El retoño de la Escuela de Frankfurt denuncia las instituciones que asfixian la resonancia: la economía del rendimiento, la educación competitiva, la cultura del agotamiento. “Nuestra sociedad promete autonomía, pero fabrica dependencia del tiempo y de la productividad”.
De ahí que “una política de la resonancia no busca eliminar la fricción del mundo, sino restaurar su voz”. Cultivar la resonancia no es un lujo: es resistencia ética. “La resonancia florece donde hay tiempo y atención; muere donde todo debe rendir”. Y, aún más mortal, cuando se trata de uno rendirse a sí mismo.
Luces y sombras
La propuesta de Rosa ha sido celebrada y cuestionada. Axel Honneth, por ejemplo, afirma que “ha devuelto la sensibilidad a la teoría crítica, recordándonos que la justicia también requiere resonancia”. Pero Byung-Chul Han, desde otra orilla, alerta: “La resonancia de Rosa es una nostalgia del alma; el sujeto moderno no puede resonar porque está exhausto”.

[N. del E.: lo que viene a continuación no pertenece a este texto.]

lemma card_glue:
  assumes "finite V1" "finite V2"
  shows "card V1 + card V2 \<le> card (glue V1 V2) + 1"
    and "card V1 \<le> card (glue V1 V2)" "card V2 \<le> card (glue V1 V2)"
    and "[] \<in> V1 \<Longrightarrow> [] \<in> V2 \<Longrightarrow> card (glue V1 V2) + 1 = card V1 + card V2"
proof -
  let ?A = "map (\<lambda>n. 2 * n) ` V1" and ?B = "map (\<lambda>n. Suc (2 * n)) ` V2"
  have A: "card ?A = card V1" by (rule card_image) (rule inj_on_subset[OF inj_map_even subset_UNIV])
  have B: "card ?B = card V2" by (rule card_image) (rule inj_on_subset[OF inj_map_odd subset_UNIV])
  have AB: "card (glue V1 V2) + card (?A \<inter> ?B) = card V1 + card V2"
    using card_Un_Int[of ?A ?B] assms A B unfolding glue_def by simp
  have meet: "?A \<inter> ?B \<subseteq> {[]}" by (auto simp: map_even_eq_map_odd)
  then have "card (?A \<inter> ?B) \<le> 1" using card_mono[of "{[]}" "?A \<inter> ?B"] by simp
  then show "card V1 + card V2 \<le> card (glue V1 V2) + 1" using AB by linarith
  have fin: "finite (glue V1 V2)" using assms unfolding glue_def by simp
  show "card V1 \<le> card (glue V1 V2)" using card_mono[OF fin, of ?A] A unfolding glue_def by simp
  show "card V2 \<le> card (glue V1 V2)" using card_mono[OF fin, of ?B] B unfolding glue_def by simp
  assume "[] \<in> V1" "[] \<in> V2"
  then have "[] \<in> ?A" "[] \<in> ?B" using imageI[of "[]" _ "map _"] by simp_all
  then have "?A \<inter> ?B = {[]}" using meet by blast
  then show "card (glue V1 V2) + 1 = card V1 + card V2" using AB by simp
qed

lemma list_tree_glue: "list_tree V1 \<Longrightarrow> list_tree V2 \<Longrightarrow> list_tree (glue V1 V2)"
  unfolding list_tree_def glue_def by (force simp: map_tl[symmetric])

lemma length_glue: "\<forall>v\<in>V1. length v \<le> d \<Longrightarrow> \<forall>v\<in>V2. length v \<le> d \<Longrightarrow> \<forall>w\<in>glue V1 V2. length w \<le> d"
  unfolding glue_def by auto

lemma suffix_map_iff: "suffix w (map h v) \<longleftrightarrow> (\<exists>u. suffix u v \<and> w = map h u)"
  using suffix_map_rightE map_mono_suffix by blast

lemma list_tstar_glue:
  "list_tstar (\<lambda>x. if x \<in> A then map (\<lambda>n. 2 * n) (f1 x) else map (\<lambda>n. Suc (2 * n)) (f2 x)) Y =
     glue (list_tstar f1 (Y \<inter> A)) (list_tstar f2 (Y - A))"
  unfolding list_tstar_def glue_def by (auto simp: suffix_map_iff)

context finite_matroid
begin

lemma list_decomp_contract:
  assumes X: "X \<subseteq> E" and J: "J \<subseteq> X" "indep J" "card J = rk X"
    and dec: "list_decomp (E - X) (contract_indep E indep X J) V f d"
  shows "list_decomp E indep (hang (rk X) V)
           (\<lambda>x. if x \<in> X then replicate (rk X) 0 else f x @ replicate (rk X) 0) (d + rk X)"
    (is "list_decomp E indep ?V ?g _")
proof -
  let ?rc = "mrank (contract_indep E indep X J)"
  have tree: "list_tree V" and fV: "\<forall>x\<in>E - X. f x \<in> V"
    and rank_le: "\<And>Z. Z \<subseteq> E - X \<Longrightarrow> ?rc Z \<le> card (list_tstar f Z) - 1"
    using list_decompD[OF dec] by auto
  have fin: "finite V" and nil: "[] \<in> V" using tree unfolding list_tree_def by auto
  have tree': "list_tree ?V" using list_tree_hang[OF tree] .
  have gV: "\<forall>x\<in>E. ?g x \<in> ?V" using hang_member[OF nil] hang_member fV by auto
  have "?rc (E - X) = card V - 1" using list_decompD(3)[OF dec] .
  moreover have "?rc (E - X) = rk E - rk X" using rank_contract[OF X J, of "E - X"] X by (simp add: Un_absorb2)
  moreover have "rk X \<le> rk E" using rank_mono[OF X] by simp
  moreover have "card V \<ge> 1" using fin nil by (auto simp: Suc_le_eq card_gt_0_iff)
  ultimately have rank_E: "rk E = card ?V - 1" using card_hang[OF fin, of "rk X"] by linarith
  show ?thesis
  proof (rule list_decompI)
    show "list_tree ?V" "\<And>x. x \<in> E \<Longrightarrow> ?g x \<in> ?V" "rk E = card ?V - 1" using tree' gV rank_E by auto
    show "\<And>w. w \<in> ?V \<Longrightarrow> length w \<le> d + rk X" using length_hang list_decompD(5)[OF dec] by blast
  next
  fix Y assume Y: "Y \<subseteq> E"
  show "rk Y \<le> card (list_tstar ?g Y) - 1"
  proof (cases "Y = {}")
    case True
    then show ?thesis using rank_empty by simp
  next
    case False
    define T where "T = list_tstar f (Y - X)"
    have sub: "Y - X \<subseteq> E - X" using Y by auto
    have fT: "finite T" unfolding T_def by (rule finite_list_tstar[OF tree]) (use fV Y in auto)
    have T_le: "card T \<le> card (insert [] T)" using card_mono[OF finite.insertI[OF fT] subset_insertI] .
    have gY: "\<forall>x\<in>Y. ?g x \<in> ?V" using gV Y by blast
    have hang_le: "card (hang (rk X) (insert [] T)) \<le> card (list_tstar ?g Y)"
      using card_mono[OF finite_list_tstar[OF tree' gY] list_tstar_hang[OF False]] unfolding T_def .
    have "rk Y \<le> rk (Y \<union> X)" using rank_mono Y X by auto
    also have "\<dots> = ?rc (Y - X) + rk X"
      using rank_contract[OF X J sub] rank_mono[of X "Y \<union> X"] Y X by (simp add: Un_Diff_cancel2)
    also have "\<dots> \<le> (card (insert [] T) - 1) + rk X" using rank_le[OF sub] T_le unfolding T_def by linarith
    also have "\<dots> = card (hang (rk X) (insert [] T)) - 1"
      using card_hang[OF finite.insertI[OF fT]] fT by (simp add: Suc_le_eq card_gt_0_iff)
    also have "\<dots> \<le> card (list_tstar ?g Y) - 1" using hang_le by simp
    finally show ?thesis .
  qed
  qed
qed

lemma list_decomp_path: "\<exists>V f. list_decomp E indep V f (rk E)"
proof -
  obtain J where J: "J \<subseteq> E" "indep J" "card J = rk E" using rank_witness[OF order_refl] by blast
  have "contract_indep E indep E J {}" unfolding contract_indep_def using J by simp
  then have "list_decomp (E - E) (contract_indep E indep E J) {[]} (\<lambda>_. []) 0"
    using list_decomp_empty by simp
  from list_decomp_contract[OF order_refl J this] show ?thesis unfolding add_0 by blast
qed

lemma list_decomp_separator:
  assumes A: "A \<subseteq> E" "separator A"
    and dec1: "list_decomp A (restrict_indep indep A) V1 f1 d"
    and dec2: "list_decomp (E - A) (restrict_indep indep (E - A)) V2 f2 d"
  shows "list_decomp E indep (glue V1 V2)
           (\<lambda>x. if x \<in> A then map (\<lambda>n. 2 * n) (f1 x) else map (\<lambda>n. Suc (2 * n)) (f2 x)) d"
    (is "list_decomp E indep ?V ?g d")
proof -
  have tree1: "list_tree V1" and tree2: "list_tree V2"
    and fV1: "\<forall>x\<in>A. f1 x \<in> V1" and fV2: "\<forall>x\<in>E - A. f2 x \<in> V2"
    using list_decompD(1,2)[OF dec1] list_decompD(1,2)[OF dec2] by auto
  have fin: "finite V1" "finite V2" "[] \<in> V1" "[] \<in> V2" using tree1 tree2 unfolding list_tree_def by auto
  have gV: "\<forall>x\<in>E. ?g x \<in> ?V" using fV1 fV2 unfolding glue_def by auto
  have "rk A = card V1 - 1" "rk (E - A) = card V2 - 1"
    using list_decompD(3)[OF dec1] list_decompD(3)[OF dec2] rank_restrict[of A A]
      rank_restrict[of "E - A" "E - A"] by auto
  moreover have "card V1 \<ge> 1" "card V2 \<ge> 1" using fin by (auto simp: Suc_le_eq card_gt_0_iff)
  ultimately have rank_E: "rk E = card ?V - 1"
    using rank_separator[OF A] card_glue(4)[OF fin] by linarith
  show ?thesis
  proof (rule list_decompI)
    show "list_tree ?V" "\<And>x. x \<in> E \<Longrightarrow> ?g x \<in> ?V" "rk E = card ?V - 1"
      using list_tree_glue[OF tree1 tree2] gV rank_E by auto
    show "\<And>w. w \<in> ?V \<Longrightarrow> length w \<le> d"
      using length_glue list_decompD(5)[OF dec1] list_decompD(5)[OF dec2] by blast
  next
  fix Y assume Y: "Y \<subseteq> E"
  show "rk Y \<le> card (list_tstar ?g Y) - 1"
  proof -
    let ?T1 = "list_tstar f1 (Y \<inter> A)" and ?T2 = "list_tstar f2 (Y - A)"
    have sub: "Y \<inter> A \<subseteq> A" "Y - A \<subseteq> E - A" "\<forall>x\<in>Y \<inter> A. f1 x \<in> V1" "\<forall>x\<in>Y - A. f2 x \<in> V2"
      using Y fV1 fV2 by auto
    have fT: "finite ?T1" "finite ?T2"
      using finite_list_tstar[OF tree1 sub(3)] finite_list_tstar[OF tree2 sub(4)] .
    have "rk (Y \<inter> A) \<le> card ?T1 - 1" "rk (Y - A) \<le> card ?T2 - 1"
      using list_decompD(4)[OF dec1 sub(1)] list_decompD(4)[OF dec2 sub(2)]
        rank_restrict[OF sub(1)] rank_restrict[OF sub(2)] by simp_all
    moreover have "rk Y \<le> rk (Y \<inter> A) + rk (Y - A)"
    proof -
      have "Y \<inter> A \<subseteq> E" "Y - A \<subseteq> E" using Y by auto
      from rank_union_le[OF this] show ?thesis by (simp add: Int_Diff_Un)
    qed
    moreover have "card ?T1 + card ?T2 \<le> card (glue ?T1 ?T2) + 1"
      "card ?T1 \<le> card (glue ?T1 ?T2)" "card ?T2 \<le> card (glue ?T1 ?T2)"
      using card_glue[OF fT] by auto
    ultimately show ?thesis unfolding list_tstar_glue by linarith
  qed
  qed
qed

end

lemma list_decomp_from_connected:
  assumes "matroid E indep"
    and "\<And>A. A \<subseteq> E \<Longrightarrow> A \<noteq> {} \<Longrightarrow> finite_matroid.connected A (restrict_indep indep A) \<Longrightarrow>
           \<exists>V f. list_decomp A (restrict_indep indep A) V f d"
  shows "\<exists>V f. list_decomp E indep V f d"
  using assms
proof (induction "card E" arbitrary: E indep rule: less_induct)
  case less
  interpret finite_matroid E indep using less.prems(1) by (rule finite_matroid.intro)
  consider "E = {}" | "E \<noteq> {}" "connected"
    | A where "A \<subseteq> E" "A \<noteq> {}" "A \<noteq> E" "separator A"
    unfolding connected_def by blast
  then show ?case
  proof cases
    case 1
    then show ?thesis using list_decomp_empty[of indep, OF indep_empty] list_decomp_mono by blast
  next
    case 2
    then show ?thesis using less.prems(2)[of E] restrict_indep_ground by simp
  next
    case (3 A)
    have side: "\<exists>V f. list_decomp B (restrict_indep indep B) V f d" if B: "B \<subseteq> E" "B \<noteq> E" for B
    proof (rule less.hyps)
      show "card B < card E" using B finite_ground by (simp add: psubset_card_mono)
      show "matroid B (restrict_indep indep B)" using matroid_restrict[OF B(1)] .
      fix A' assume "A' \<subseteq> B" "A' \<noteq> {}" "finite_matroid.connected A' (restrict_indep (restrict_indep indep B) A')"
      then show "\<exists>V f. list_decomp A' (restrict_indep (restrict_indep indep B) A') V f d"
        using less.prems(2)[of A'] B restrict_restrict_indep[of A' B indep] by auto
    qed
    have "E - A \<subseteq> E" "E - A \<noteq> E" using 3 by blast+
    then obtain V1 f1 V2 f2 where "list_decomp A (restrict_indep indep A) V1 f1 d"
      "list_decomp (E - A) (restrict_indep indep (E - A)) V2 f2 d"
      using side[of A] side[of "E - A"] 3 by meson
    from list_decomp_separator[OF 3(1) 3(4) this] show ?thesis by blast
  qed
qed

lemma square_diff_one: "(1::nat) \<le> l \<Longrightarrow> (l - 1)^2 + (l - 1) \<le> l^2"
proof -
  assume "1 \<le> l"
  then obtain m where "l = Suc m" by (cases l) auto
  thus ?thesis by (simp add: power2_eq_square)
qed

Aun así, incluso sus críticos reconocen la potencia poética y política de su diagnóstico. Entre la esperanza y el desencanto, el novel autor nos obliga a mirar de nuevo la raíz del malestar: la pérdida de nuestra capacidad de responder.
Una brújula para la modernidad acelerada
En un mundo que convierte el tiempo en recurso y la vida en rendimiento, Rosa, digno heredero de la Escuela de Frankfurt, ofrece una brújula moral: detenerse, escuchar, responder. “Solo en el momento en que algo nos habla y respondemos, sentimos que la vida vibra”.
Su propuesta no es una utopía romántica, sino una ética concreta. En tiempos de vértigo, la resonancia es un acto político: recuperar la capacidad de estar en el mundo, pero sin perder el alma.
No obstante, dado que ‘del dicho al hecho largo hay mucho trecho’, la amenaza de la modernidad y sus variantes es verdaderamente acuciante. En un santiamén, —en lo que seguimos midiendo la vida en velocidad y productividad, la convivencia en utilidad, y el valor en dinero—, Cronos nos devora sin piedad. La resonancia es nuestra última línea de defensa: detenernos, escuchar y responder; o, de lo contrario, resignarnos y desaparecer sin haber reconocido lo Inesperado.
[1] Hartmut Rosa (n. 1965, Lörrach, Alemania) es profesor de sociología en la Universidad de Jena y director del Max Weber Kolleg, en Erfurt. Considerado heredero de la teoría crítica de Frankfurt, su obra articula filosofía, sociología y ética contemporánea.